● WHAT THE TASK ASKS
Would you repeat exactly the part of the listing below that runs from the line containing "X) euclidean (\<lambda>p." down to the line containing "(StoneRO X) (product_topology", inclusive, and nothing else?
· · ·
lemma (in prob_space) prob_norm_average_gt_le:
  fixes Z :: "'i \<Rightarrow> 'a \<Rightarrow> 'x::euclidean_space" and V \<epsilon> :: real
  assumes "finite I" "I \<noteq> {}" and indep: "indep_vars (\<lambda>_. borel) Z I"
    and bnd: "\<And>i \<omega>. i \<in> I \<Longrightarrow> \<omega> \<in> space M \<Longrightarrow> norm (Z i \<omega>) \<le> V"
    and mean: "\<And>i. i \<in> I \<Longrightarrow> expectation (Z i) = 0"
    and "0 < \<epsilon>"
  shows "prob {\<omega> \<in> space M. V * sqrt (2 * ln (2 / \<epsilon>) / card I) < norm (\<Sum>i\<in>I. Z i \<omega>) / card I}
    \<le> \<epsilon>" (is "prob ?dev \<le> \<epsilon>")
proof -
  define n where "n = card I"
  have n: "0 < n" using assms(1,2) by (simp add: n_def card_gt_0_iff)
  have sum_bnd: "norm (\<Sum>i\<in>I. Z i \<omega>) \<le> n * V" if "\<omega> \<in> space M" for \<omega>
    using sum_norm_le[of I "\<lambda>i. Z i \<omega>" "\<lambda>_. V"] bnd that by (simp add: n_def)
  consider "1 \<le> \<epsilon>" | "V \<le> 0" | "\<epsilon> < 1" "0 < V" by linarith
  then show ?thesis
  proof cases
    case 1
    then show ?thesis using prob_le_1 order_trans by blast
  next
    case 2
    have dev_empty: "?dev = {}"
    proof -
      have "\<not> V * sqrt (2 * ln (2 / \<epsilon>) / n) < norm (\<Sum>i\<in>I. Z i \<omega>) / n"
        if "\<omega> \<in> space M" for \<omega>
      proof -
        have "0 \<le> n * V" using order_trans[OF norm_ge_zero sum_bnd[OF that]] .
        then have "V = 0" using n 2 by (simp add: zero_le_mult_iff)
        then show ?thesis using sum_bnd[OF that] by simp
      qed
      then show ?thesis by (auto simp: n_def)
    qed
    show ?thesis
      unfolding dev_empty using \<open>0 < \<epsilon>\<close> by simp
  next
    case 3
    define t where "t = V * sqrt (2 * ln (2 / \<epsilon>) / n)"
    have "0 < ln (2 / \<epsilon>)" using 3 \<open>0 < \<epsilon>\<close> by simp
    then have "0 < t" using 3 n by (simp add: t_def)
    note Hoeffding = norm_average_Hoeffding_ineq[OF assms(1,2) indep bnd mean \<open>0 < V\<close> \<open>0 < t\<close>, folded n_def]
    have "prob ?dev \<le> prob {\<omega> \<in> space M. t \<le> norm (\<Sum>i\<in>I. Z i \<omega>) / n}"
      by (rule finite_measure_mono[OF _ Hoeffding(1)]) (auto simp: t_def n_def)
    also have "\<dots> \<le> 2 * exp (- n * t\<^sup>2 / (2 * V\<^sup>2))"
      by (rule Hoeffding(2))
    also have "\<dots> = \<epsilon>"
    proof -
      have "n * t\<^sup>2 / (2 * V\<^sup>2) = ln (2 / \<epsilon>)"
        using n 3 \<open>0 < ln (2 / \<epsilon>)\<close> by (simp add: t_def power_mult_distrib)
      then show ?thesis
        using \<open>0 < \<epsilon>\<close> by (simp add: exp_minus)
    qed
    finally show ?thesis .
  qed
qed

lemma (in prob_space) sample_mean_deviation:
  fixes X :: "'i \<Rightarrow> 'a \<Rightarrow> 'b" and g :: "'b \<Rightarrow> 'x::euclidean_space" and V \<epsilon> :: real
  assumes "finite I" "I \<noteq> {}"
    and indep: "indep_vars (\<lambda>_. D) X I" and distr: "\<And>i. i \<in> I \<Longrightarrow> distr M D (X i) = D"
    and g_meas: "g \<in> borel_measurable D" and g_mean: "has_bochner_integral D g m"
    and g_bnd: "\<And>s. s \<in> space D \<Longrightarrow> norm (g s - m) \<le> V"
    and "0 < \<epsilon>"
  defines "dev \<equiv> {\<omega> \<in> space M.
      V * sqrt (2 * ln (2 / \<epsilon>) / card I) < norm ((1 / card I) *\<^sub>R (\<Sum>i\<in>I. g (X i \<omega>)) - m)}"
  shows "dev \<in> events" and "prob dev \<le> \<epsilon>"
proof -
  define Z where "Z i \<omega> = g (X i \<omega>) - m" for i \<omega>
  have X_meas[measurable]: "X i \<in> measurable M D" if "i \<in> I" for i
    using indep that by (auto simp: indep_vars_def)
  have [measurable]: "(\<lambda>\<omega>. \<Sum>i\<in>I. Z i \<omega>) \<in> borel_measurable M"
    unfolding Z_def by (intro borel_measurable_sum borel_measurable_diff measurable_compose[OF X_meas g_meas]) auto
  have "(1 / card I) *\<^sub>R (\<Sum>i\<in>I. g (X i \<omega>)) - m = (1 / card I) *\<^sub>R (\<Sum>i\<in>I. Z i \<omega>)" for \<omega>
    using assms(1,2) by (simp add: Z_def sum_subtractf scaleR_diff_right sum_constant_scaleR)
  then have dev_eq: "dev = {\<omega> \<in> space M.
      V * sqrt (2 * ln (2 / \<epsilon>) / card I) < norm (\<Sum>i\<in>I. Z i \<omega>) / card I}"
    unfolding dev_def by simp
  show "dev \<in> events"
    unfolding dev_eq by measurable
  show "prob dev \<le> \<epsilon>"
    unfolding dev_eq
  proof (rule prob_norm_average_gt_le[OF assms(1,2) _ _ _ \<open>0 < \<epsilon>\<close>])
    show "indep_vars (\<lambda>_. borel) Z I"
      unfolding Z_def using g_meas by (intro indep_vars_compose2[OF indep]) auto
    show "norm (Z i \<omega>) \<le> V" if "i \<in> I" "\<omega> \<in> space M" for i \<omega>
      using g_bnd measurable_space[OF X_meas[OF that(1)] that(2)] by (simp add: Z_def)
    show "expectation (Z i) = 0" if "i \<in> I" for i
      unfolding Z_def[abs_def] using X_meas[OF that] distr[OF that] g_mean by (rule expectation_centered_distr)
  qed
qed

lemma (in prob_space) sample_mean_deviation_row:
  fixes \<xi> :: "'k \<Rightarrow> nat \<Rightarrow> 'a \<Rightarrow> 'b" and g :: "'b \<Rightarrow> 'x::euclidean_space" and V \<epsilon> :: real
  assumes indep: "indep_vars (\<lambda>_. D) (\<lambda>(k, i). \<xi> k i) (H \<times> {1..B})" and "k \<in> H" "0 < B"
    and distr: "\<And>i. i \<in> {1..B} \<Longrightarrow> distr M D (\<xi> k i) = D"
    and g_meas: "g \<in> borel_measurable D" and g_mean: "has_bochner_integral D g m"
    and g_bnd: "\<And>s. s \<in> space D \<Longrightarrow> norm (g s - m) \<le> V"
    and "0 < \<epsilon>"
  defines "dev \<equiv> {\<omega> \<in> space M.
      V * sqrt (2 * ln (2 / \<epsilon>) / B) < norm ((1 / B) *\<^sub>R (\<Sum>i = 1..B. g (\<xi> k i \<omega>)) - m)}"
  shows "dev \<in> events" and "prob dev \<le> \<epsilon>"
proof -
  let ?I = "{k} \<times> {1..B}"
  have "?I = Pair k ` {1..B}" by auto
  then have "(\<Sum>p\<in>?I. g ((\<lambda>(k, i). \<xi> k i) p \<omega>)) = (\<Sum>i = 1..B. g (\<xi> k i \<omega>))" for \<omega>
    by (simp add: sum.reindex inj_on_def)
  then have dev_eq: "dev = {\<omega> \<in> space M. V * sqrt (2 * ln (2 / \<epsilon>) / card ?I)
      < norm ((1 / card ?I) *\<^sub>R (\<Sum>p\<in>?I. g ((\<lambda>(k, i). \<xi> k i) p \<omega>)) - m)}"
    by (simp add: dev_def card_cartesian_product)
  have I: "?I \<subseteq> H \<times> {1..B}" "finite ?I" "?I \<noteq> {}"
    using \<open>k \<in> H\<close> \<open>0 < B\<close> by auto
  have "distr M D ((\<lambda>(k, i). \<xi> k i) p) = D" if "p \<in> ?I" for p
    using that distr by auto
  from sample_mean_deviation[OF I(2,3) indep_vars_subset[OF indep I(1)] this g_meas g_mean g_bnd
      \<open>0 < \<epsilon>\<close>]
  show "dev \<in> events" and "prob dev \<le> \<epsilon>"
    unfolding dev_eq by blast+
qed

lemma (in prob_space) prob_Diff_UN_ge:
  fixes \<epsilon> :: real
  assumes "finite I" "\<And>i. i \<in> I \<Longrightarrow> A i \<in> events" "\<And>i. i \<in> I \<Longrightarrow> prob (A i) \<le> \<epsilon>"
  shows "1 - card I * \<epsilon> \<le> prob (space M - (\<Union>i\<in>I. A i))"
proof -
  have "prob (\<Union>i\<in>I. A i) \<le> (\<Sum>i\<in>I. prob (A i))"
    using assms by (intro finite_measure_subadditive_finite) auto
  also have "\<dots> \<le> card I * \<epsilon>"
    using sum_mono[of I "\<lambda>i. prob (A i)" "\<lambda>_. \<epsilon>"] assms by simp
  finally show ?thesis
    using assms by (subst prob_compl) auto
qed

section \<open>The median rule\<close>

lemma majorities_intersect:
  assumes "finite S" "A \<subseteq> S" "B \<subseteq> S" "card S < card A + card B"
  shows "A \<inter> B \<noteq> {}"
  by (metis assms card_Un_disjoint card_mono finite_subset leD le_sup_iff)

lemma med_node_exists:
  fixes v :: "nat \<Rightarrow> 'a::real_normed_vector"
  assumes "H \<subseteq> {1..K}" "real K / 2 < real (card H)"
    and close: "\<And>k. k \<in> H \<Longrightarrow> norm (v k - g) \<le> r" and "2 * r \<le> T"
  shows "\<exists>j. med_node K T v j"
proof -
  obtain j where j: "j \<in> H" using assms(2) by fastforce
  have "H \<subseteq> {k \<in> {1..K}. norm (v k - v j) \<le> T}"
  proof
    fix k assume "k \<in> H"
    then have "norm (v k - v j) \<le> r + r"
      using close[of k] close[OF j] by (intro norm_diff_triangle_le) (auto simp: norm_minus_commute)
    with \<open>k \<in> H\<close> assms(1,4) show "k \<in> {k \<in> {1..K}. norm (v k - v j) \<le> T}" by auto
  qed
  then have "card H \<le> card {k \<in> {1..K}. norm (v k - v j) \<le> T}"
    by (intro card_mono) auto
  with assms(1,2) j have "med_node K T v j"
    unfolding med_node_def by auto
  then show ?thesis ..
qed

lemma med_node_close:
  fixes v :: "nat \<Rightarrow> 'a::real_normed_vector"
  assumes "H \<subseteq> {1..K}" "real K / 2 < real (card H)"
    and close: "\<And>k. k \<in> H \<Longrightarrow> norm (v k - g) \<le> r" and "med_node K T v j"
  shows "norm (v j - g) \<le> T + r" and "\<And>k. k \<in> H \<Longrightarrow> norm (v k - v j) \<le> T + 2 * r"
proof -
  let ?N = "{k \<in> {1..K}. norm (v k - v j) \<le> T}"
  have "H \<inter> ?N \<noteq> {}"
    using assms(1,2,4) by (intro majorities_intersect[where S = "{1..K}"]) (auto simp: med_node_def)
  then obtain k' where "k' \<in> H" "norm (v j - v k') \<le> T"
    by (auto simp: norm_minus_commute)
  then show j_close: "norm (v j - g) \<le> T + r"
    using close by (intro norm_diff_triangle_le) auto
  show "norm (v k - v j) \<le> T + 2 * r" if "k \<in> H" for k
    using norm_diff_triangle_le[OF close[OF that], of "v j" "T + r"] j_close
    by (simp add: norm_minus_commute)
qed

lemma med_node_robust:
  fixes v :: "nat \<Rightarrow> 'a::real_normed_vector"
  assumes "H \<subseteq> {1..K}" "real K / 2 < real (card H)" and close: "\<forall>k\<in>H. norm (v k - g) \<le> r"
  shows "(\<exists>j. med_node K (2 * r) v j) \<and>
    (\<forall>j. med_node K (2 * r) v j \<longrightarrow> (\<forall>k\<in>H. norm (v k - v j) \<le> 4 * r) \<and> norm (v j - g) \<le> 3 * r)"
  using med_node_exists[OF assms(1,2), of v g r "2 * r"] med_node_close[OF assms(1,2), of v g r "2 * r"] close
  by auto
· · ·
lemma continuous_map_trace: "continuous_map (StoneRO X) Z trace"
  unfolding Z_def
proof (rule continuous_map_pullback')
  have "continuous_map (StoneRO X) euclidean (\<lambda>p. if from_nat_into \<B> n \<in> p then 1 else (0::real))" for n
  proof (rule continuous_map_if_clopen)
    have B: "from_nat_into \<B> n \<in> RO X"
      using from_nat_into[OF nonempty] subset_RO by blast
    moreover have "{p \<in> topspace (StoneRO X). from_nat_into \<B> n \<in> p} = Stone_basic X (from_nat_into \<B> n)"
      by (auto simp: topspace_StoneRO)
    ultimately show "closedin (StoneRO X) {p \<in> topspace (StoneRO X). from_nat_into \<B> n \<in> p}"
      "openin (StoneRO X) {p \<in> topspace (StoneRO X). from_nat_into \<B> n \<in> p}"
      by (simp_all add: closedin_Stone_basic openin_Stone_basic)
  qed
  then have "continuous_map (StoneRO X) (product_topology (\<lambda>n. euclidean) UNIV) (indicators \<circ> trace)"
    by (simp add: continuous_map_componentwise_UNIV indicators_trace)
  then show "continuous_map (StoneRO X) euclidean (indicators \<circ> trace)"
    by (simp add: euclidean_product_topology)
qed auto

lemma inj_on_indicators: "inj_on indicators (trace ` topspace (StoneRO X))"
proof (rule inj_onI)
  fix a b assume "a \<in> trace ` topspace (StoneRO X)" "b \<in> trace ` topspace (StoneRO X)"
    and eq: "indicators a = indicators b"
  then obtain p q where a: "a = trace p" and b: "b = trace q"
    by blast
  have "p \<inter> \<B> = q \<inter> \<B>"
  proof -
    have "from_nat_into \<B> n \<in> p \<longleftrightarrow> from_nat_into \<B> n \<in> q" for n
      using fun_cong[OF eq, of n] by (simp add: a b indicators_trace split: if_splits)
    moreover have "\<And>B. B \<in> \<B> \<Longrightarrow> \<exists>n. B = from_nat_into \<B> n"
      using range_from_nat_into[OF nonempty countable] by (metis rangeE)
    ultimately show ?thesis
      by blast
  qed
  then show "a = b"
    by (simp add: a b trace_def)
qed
· · ·
● ANSWER TO THE PROBLEM
  have "continuous_map (StoneRO X) euclidean (\<lambda>p. if from_nat_into \<B> n \<in> p then 1 else (0::real))" for n
  proof (rule continuous_map_if_clopen)
    have B: "from_nat_into \<B> n \<in> RO X"
      using from_nat_into[OF nonempty] subset_RO by blast
    moreover have "{p \<in> topspace (StoneRO X). from_nat_into \<B> n \<in> p} = Stone_basic X (from_nat_into \<B> n)"
      by (auto simp: topspace_StoneRO)
    ultimately show "closedin (StoneRO X) {p \<in> topspace (StoneRO X). from_nat_into \<B> n \<in> p}"
      "openin (StoneRO X) {p \<in> topspace (StoneRO X). from_nat_into \<B> n \<in> p}"
      by (simp_all add: closedin_Stone_basic openin_Stone_basic)
  qed
  then have "continuous_map (StoneRO X) (product_topology (\<lambda>n. euclidean) UNIV) (indicators \<circ> trace)"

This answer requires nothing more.